The recent television broadcast of Operation Ivy, a once top-secret film that had been shot in The Marshall Islands in 1952, offered viewers ring side seats in the comfort of their own living room of the first full-scale test of a thermal nuclear device.
On the morning of April first, my bleary eyed mother got a real jolt with her morning coffee as she was treated to a bird’s-eye view of a nuclear explosion right there on the family Philco. How about a rasher of radioactive bacon to go with those sunnyside up eggs?
Walter Cronkite, congenial host of The CBS Morning Show jumped the gun on the competition, teasing the early riser with sampling of clips from the Operation Ivy film scheduled to be broadcast on all 3 channels later in the day.

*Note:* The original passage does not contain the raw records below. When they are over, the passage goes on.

lemma ntends_unique:
  assumes "ntends nm f x" "ntends nm f y"
  shows "x = y"
proof -
  have "ntends nm (\<lambda>k. x) y"
    by (rule ntends_transfer[OF assms(2)])
       (use assms(1) in \<open>simp add: ntends_def diff_commute\<close>)
  then have "(\<lambda>k. nm (x - y)) \<longlonglongrightarrow> 0"
    by (simp add: ntends_def)
  then have "nm (x - y) = 0"
    by (simp add: LIMSEQ_const_iff)
  then show ?thesis
    using eq_0_iff by simp
qed

lemma ntends_add:
  assumes "ntends nm f x" "ntends nm g y"
  shows "ntends nm (\<lambda>k. f k + g k) (x + y)"
proof (rule ntends_bound)
  show "nm (f k + g k - (x + y)) \<le> nm (f k - x) + nm (g k - y)" for k
    using triangle[of "f k - x" "g k - y"] by (simp add: algebra_simps)
  show "(\<lambda>k. nm (f k - x) + nm (g k - y)) \<longlonglongrightarrow> 0"
    using tendsto_add[OF assms[unfolded ntends_def]] by simp
qed

lemma ntends_diff:
  assumes "ntends nm f x" "ntends nm g y"
  shows "ntends nm (\<lambda>k. f k - g k) (x - y)"
proof -
  have "ntends nm (\<lambda>k. - g k) (- y)"
    using assms(2) minus[of "g _ - y"] by (simp add: ntends_def)
  from ntends_add[OF assms(1) this] show ?thesis
    by simp
qed

lemma ntends_norm:
  assumes "ntends nm f x"
  shows "(\<lambda>k. nm (f k)) \<longlonglongrightarrow> nm x"
proof -
  have "\<bar>nm (f k) - nm x\<bar> \<le> nm (f k - x)" for k
    using triangle_diff[of "f k" 0 x] triangle_diff[of x 0 "f k"] diff_commute[of x "f k"] minus
    by (simp add: abs_le_iff)
  then have "(\<lambda>k. nm (f k) - nm x) \<longlonglongrightarrow> 0"
    by (intro LIMSEQ_zero_if_norm_le[OF _ assms[unfolded ntends_def]]) auto
  then show ?thesis
    by (simp add: LIM_zero_iff)
qed

lemma ntends_imp_ncauchy:
  assumes "ntends nm f x"
  shows "ncauchy nm f"
  unfolding ncauchy_def
proof (intro allI impI)
  fix e :: real
  assume "e > 0"
  then obtain M where M: "\<forall>k\<ge>M. nm (f k - x) < e / 2"
    using assms unfolding ntends_iff by (meson half_gt_zero)
  have "nm (f i - f j) < e" if "i \<ge> M" "j \<ge> M" for i j
  proof -
    have "nm (f i - x) < e / 2" "nm (f j - x) < e / 2"
      using M that by auto
    then show ?thesis
      using triangle_diff[of "f i" "f j" x] diff_commute[of x "f j"] by linarith
  qed
  then show "\<exists>M. \<forall>i\<ge>M. \<forall>j\<ge>M. nm (f i - f j) < e"
    by blast
qed

lemma nclosure_dense_trans:
  assumes dense: "nclosure nm T = UNIV" and approx: "T \<subseteq> nclosure nm S"
  shows "nclosure nm S = UNIV"
proof -
  have "y \<in> nclosure nm S" for y
  proof -
    obtain t where t: "\<forall>n. t n \<in> T" "ntends nm t y"
      using dense unfolding nclosure_def by blast
    have "\<exists>s\<in>S. nm (s - t n) < inverse (real (Suc n))" for n
    proof -
      obtain f where f: "\<forall>k. f k \<in> S" "ntends nm f (t n)"
        using approx t(1) unfolding nclosure_def by blast
      moreover have "inverse (real (Suc n)) > 0"
        by simp
      ultimately obtain M where "nm (f M - t n) < inverse (real (Suc n))"
        unfolding ntends_iff by blast
      with f(1) show ?thesis
        by blast
    qed
    then obtain s where s: "\<forall>n. s n \<in> S \<and> nm (s n - t n) < inverse (real (Suc n))"
      by metis
    have "(\<lambda>n. nm (s n - t n)) \<longlonglongrightarrow> 0"
      by (rule LIMSEQ_zero_if_norm_le[OF _ LIMSEQ_inverse_real_of_nat]) (use s nonneg in
          \<open>simp add: less_imp_le\<close>)
    with t(2) have "ntends nm s y"
      by (rule ntends_transfer)
    with s show ?thesis
      unfolding nclosure_def by blast
  qed
  then show ?thesis
    by blast
qed

end

lemma ncauchy_dominated:
  assumes f: "ncauchy nm1 f" and g: "ncauchy nm1 g" and C: "0 \<le> C"
    and bound: "\<And>i j. nm2 (h i - h j) \<le> C * (nm1 (f i - f j) + nm1 (g i - g j))"
  shows "ncauchy nm2 h"
  unfolding ncauchy_def
proof (intro allI impI)
  fix e :: real
  assume e: "e > 0"
  define e' where "e' = e / (2 * (C + 1))"
  have e': "e' > 0"
    using e C by (simp add: e'_def)
  obtain M1 where M1: "\<forall>i\<ge>M1. \<forall>j\<ge>M1. nm1 (f i - f j) < e'"
    using f e' unfolding ncauchy_def by blast
  obtain M2 where M2: "\<forall>i\<ge>M2. \<forall>j\<ge>M2. nm1 (g i - g j) < e'"
    using g e' unfolding ncauchy_def by blast
  have "nm2 (h i - h j) < e" if "i \<ge> max M1 M2" "j \<ge> max M1 M2" for i j
  proof -
    have "nm1 (f i - f j) + nm1 (g i - g j) \<le> 2 * e'"
      using M1 M2 that by force
    then have "C * (nm1 (f i - f j) + nm1 (g i - g j)) \<le> C * (2 * e')"
      by (rule mult_left_mono[OF _ C])
    with bound[of i j] have "nm2 (h i - h j) \<le> C * (2 * e')"
      by (rule order_trans)
    also have "\<dots> < e"
      using C e by (simp add: e'_def field_simps)
    finally show ?thesis .
  qed
  then show "\<exists>M. \<forall>i\<ge>M. \<forall>j\<ge>M. nm2 (h i - h j) < e"
    by blast
qed

lemma nclosure_image_seq:
  assumes "x \<in> nclosure nm (g ` S)"
  obtains s where "\<And>k. s k \<in> S" "ntends nm (\<lambda>k. g (s k)) x"
proof -
  obtain f where f: "\<forall>k. f k \<in> g ` S" "ntends nm f x"
    using assms unfolding nclosure_def by blast
  then have "\<forall>k. \<exists>t. t \<in> S \<and> f k = g t"
    by blast
  then obtain s where s: "\<forall>k. s k \<in> S \<and> f k = g (s k)"
    by metis
  then have "f = (\<lambda>k. g (s k))"
    by auto
  with s f(2) show ?thesis
    using that[of s] by simp
qed

section \<open>Complex inner product spaces\<close>

locale chilbert =
  fixes H :: "('h::ab_group_add, 'b) hspace_scheme"
  assumes is_chilbert: "is_chilbert H"
begin

lemma hip_add_left: "hip H (x + y) z = hip H x z + hip H y z"
  using is_chilbert unfolding is_chilbert_def by blast

lemma hip_scale_left: "hip H (hsm H c x) y = c * hip H x y"
  using is_chilbert unfolding is_chilbert_def by blast

lemma hip_commute: "hip H y x = cnj (hip H x y)"
  using is_chilbert unfolding is_chilbert_def by blast

lemma hip_self_pos: "x \<noteq> 0 \<Longrightarrow> Re (hip H x x) > 0"
  using is_chilbert unfolding is_chilbert_def by blast

lemma complete: "ncauchy (hnorm H) f \<Longrightarrow> \<exists>x. ntends (hnorm H) f x"
  using is_chilbert unfolding is_chilbert_def by blast

lemma hip_add_right: "hip H z (x + y) = hip H z x + hip H z y"
  using hip_commute[of z "x + y"] hip_add_left[of x y z] hip_commute[of z x] hip_commute[of z y]
  by simp

lemma hip_scale_right: "hip H x (hsm H c y) = cnj c * hip H x y"
  using hip_commute[of x "hsm H c y"] hip_scale_left[of c y x] hip_commute[of x y] by simp

lemma hip_diff_left: "hip H (x - y) z = hip H x z - hip H y z"
  using hip_add_left[of "x - y" y z] by simp

lemma hip_diff_right: "hip H z (x - y) = hip H z x - hip H z y"
  using hip_add_right[of z "x - y" y] by simp

lemma hip_zero_left [simp]: "hip H 0 y = 0"
  using hip_diff_left[of 0 0 y] by simp

lemma hip_zero_right [simp]: "hip H y 0 = 0"
  using hip_diff_right[of y 0 0] by simp

lemma hip_minus_left: "hip H (- x) y = - hip H x y"
  using hip_diff_left[of 0 x y] by simp

lemma hip_minus_right: "hip H y (- x) = - hip H y x"
  using hip_diff_right[of y 0 x] by simp

lemma hip_self_diff: "hip H (x - y) (x - y) = hip H x x - hip H x y - hip H y x + hip H y y"
  by (simp add: hip_diff_left hip_diff_right)

lemma Im_hip_self: "Im (hip H x x) = 0"
  using arg_cong[OF hip_commute[of x x], of Im] by simp

lemma Re_hip_self_nonneg: "0 \<le> Re (hip H x x)"
  using hip_self_pos[of x] by (cases "x = 0") auto

lemma hnorm_nonneg: "0 \<le> hnorm H x"
  by (simp add: hnorm_def Re_hip_self_nonneg)

lemma hnorm_square: "(hnorm H x)\<^sup>2 = Re (hip H x x)"
  unfolding hnorm_def using Re_hip_self_nonneg by simp

lemma hnorm_eq_0_iff: "hnorm H x = 0 \<longleftrightarrow> x = 0"
  using hip_self_pos[of x] by (cases "x = 0") (auto simp: hnorm_def)

lemma hnorm_minus: "hnorm H (- x) = hnorm H x"
  by (simp add: hnorm_def hip_minus_left hip_minus_right)

lemma Cauchy_Schwarz: "cmod (hip H x y) \<le> hnorm H x * hnorm H y"
proof (cases "y = 0")
  case True
  then show ?thesis by (simp add: hnorm_def)
next
  case False
  define p where "p = Re (hip H y y)"
  define a where "a = hip H x y"
  define c where "c = a / complex_of_real p"
  have p: "p > 0"
    using hip_self_pos[OF False] by (simp add: p_def)
  have hyy: "hip H y y = complex_of_real p"
    using Im_hip_self by (simp add: p_def complex_eq_iff)
  have hyx: "hip H y x = cnj a"
    using hip_commute[of x y] by (simp add: a_def)
  have aa: "cnj a * a = complex_of_real ((cmod a)\<^sup>2)"
    using complex_norm_square[of a] by (simp add: mult.commute)
  have "hip H (x - hsm H c y) (x - hsm H c y)
      = hip H x x - cnj c * a - c * cnj a + c * cnj c * complex_of_real p"
    by (simp add: hip_self_diff hip_scale_left hip_scale_right a_def hyx hyy)
  also have "\<dots> = hip H x x - complex_of_real ((cmod a)\<^sup>2 / p)"
    using aa p by (simp add: c_def divide_simps mult.commute)
  finally have "0 \<le> Re (hip H x x) - (cmod a)\<^sup>2 / p"
    using Re_hip_self_nonneg[of "x - hsm H c y"] by simp
  then have "(cmod a)\<^sup>2 \<le> Re (hip H x x) * p"
    using p by (simp add: field_simps)
  also have "\<dots> = (hnorm H x * hnorm H y)\<^sup>2"
    by (simp add: hnorm_square p_def power_mult_distrib)
  finally show ?thesis
    unfolding a_def by (rule power2_le_imp_le) (simp add: hnorm_nonneg)
qed

lemma hnorm_triangle: "hnorm H (x + y) \<le> hnorm H x + hnorm H y"
proof -
  have "(hnorm H (x + y))\<^sup>2 = Re (hip H x x) + 2 * Re (hip H x y) + Re (hip H y y)"
    using hip_commute[of y x] by (simp add: hnorm_square hip_add_left hip_add_right)
  also have "Re (hip H x y) \<le> hnorm H x * hnorm H y"
    using Cauchy_Schwarz[of x y] complex_Re_le_cmod[of "hip H x y"] by linarith
  finally have "(hnorm H (x + y))\<^sup>2 \<le> (hnorm H x + hnorm H y)\<^sup>2"
    by (simp add: hnorm_square[symmetric] power2_sum)
  then show ?thesis
    by (rule power2_le_imp_le) (simp add: hnorm_nonneg)
qed

sublocale hn: group_norm "hnorm H"
  by unfold_locales (auto simp: hnorm_triangle hnorm_nonneg hnorm_eq_0_iff hnorm_minus)

lemma hip_tendsto:
  assumes "ntends (hnorm H) f x" "ntends (hnorm H) g y"
  shows "(\<lambda>k. hip H (f k) (g k)) \<longlonglongrightarrow> hip H x y"
proof -
  have bound: "cmod (hip H (f k) (g k) - hip H x y)
      \<le> hnorm H (f k - x) * hnorm H (g k) + hnorm H x * hnorm H (g k - y)" for k
  proof -
    have "hip H (f k) (g k) - hip H x y = hip H (f k - x) (g k) + hip H x (g k - y)"
      by (simp add: hip_diff_left hip_diff_right)
    then have "cmod (hip H (f k) (g k) - hip H x y)
        \<le> cmod (hip H (f k - x) (g k)) + cmod (hip H x (g k - y))"
      by (simp add: norm_triangle_ineq)
    also have "\<dots> \<le> hnorm H (f k - x) * hnorm H (g k) + hnorm H x * hnorm H (g k - y)"
      by (intro add_mono Cauchy_Schwarz)
    finally show ?thesis .
  qed
  have "(\<lambda>k. hnorm H (f k - x) * hnorm H (g k) + hnorm H x * hnorm H (g k - y))
      \<longlonglongrightarrow> 0 * hnorm H y + hnorm H x * 0"
    using assms unfolding ntends_def by (intro tendsto_intros hn.ntends_norm[OF assms(2)])
  then have "(\<lambda>k. hip H (f k) (g k) - hip H x y) \<longlonglongrightarrow> 0"
    by (intro LIMSEQ_zero_if_norm_le[OF bound]) simp
  then show ?thesis
    by (simp add: LIM_zero_iff)
qed

lemma hip_eq_imp_eq:
  assumes "\<And>z. hip H a z = hip H b z"
  shows "a = b"
  using assms[of "a - b"] hip_self_pos[of "a - b"] by (auto simp: hip_diff_left)

lemma bounded_op_add: "bounded_op H T \<Longrightarrow> T (x + y) = T x + T y"
  by (simp add: bounded_op_def)

lemma bounded_op_diff: "bounded_op H T \<Longrightarrow> T (x - y) = T x - T y"
  using bounded_op_add[of T "x - y" y] by (simp add: algebra_simps)

lemma bounded_op_ntends:
  assumes T: "bounded_op H T" and f: "ntends (hnorm H) f x"
  shows "ntends (hnorm H) (\<lambda>k. T (f k)) (T x)"
proof -
  obtain C where C: "\<And>y. hnorm H (T y) \<le> C * hnorm H y"
    using T by (auto simp: bounded_op_def)
  show ?thesis
  proof (rule hn.ntends_bound)
    show "hnorm H (T (f k) - T x) \<le> C * hnorm H (f k - x)" for k
      using C[of "f k - x"] bounded_op_diff[OF T] by simp
    show "(\<lambda>k. C * hnorm H (f k - x)) \<longlonglongrightarrow> 0"
      using tendsto_mult_right_zero[OF f[unfolded ntends_def]] .
  qed
qed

That evening, as TV sets warmed up all across the nation, an ominous soundtrack of music could be heard emanating from their sets. As the music built to a crescendo , my parents along with millions of other captivated TV viewers heard a metronomic voice counting down -5- 4 -3- 2 -1 and then got an eyeful when an awesome blast filled their TV screen with a gigantic billowing fireball.
The announcer triumphantly proclaimed “the Hydrogen Age is upon us”.
Afterwards a disbelieving audience witnessed as an entire atoll disappeared from the face of the earth.
Just to make sure the viewer understood the magnitude of the power wielded by this nuclear device they superimposed the explosion on the skyline of Manhattan, transmuting the devastation of the Marshal Islands into visions of American cities in smoldering ruins
The spectacle, as theatrical as anything on Playhouse 90 was no hoax, no Orson Welles War of the Worlds Halloween prank. My mother, anxiously hoping for Walter Cronkite to utter the words “April Fools”, was cruelly disappointed!
Weather it Does or Whether it Doesn’t
The Atomic Energy Commission uniformly denied there was danger from these tests; in fact the danger lay in not doing the tests. Most folks agreed that the ultimate benefit of peace and security that the H-bomb would bring us was more than enough for the potential slight risk.
Mans harnessing of nature for our purposes has been man’s great triumph! The march of progress continues.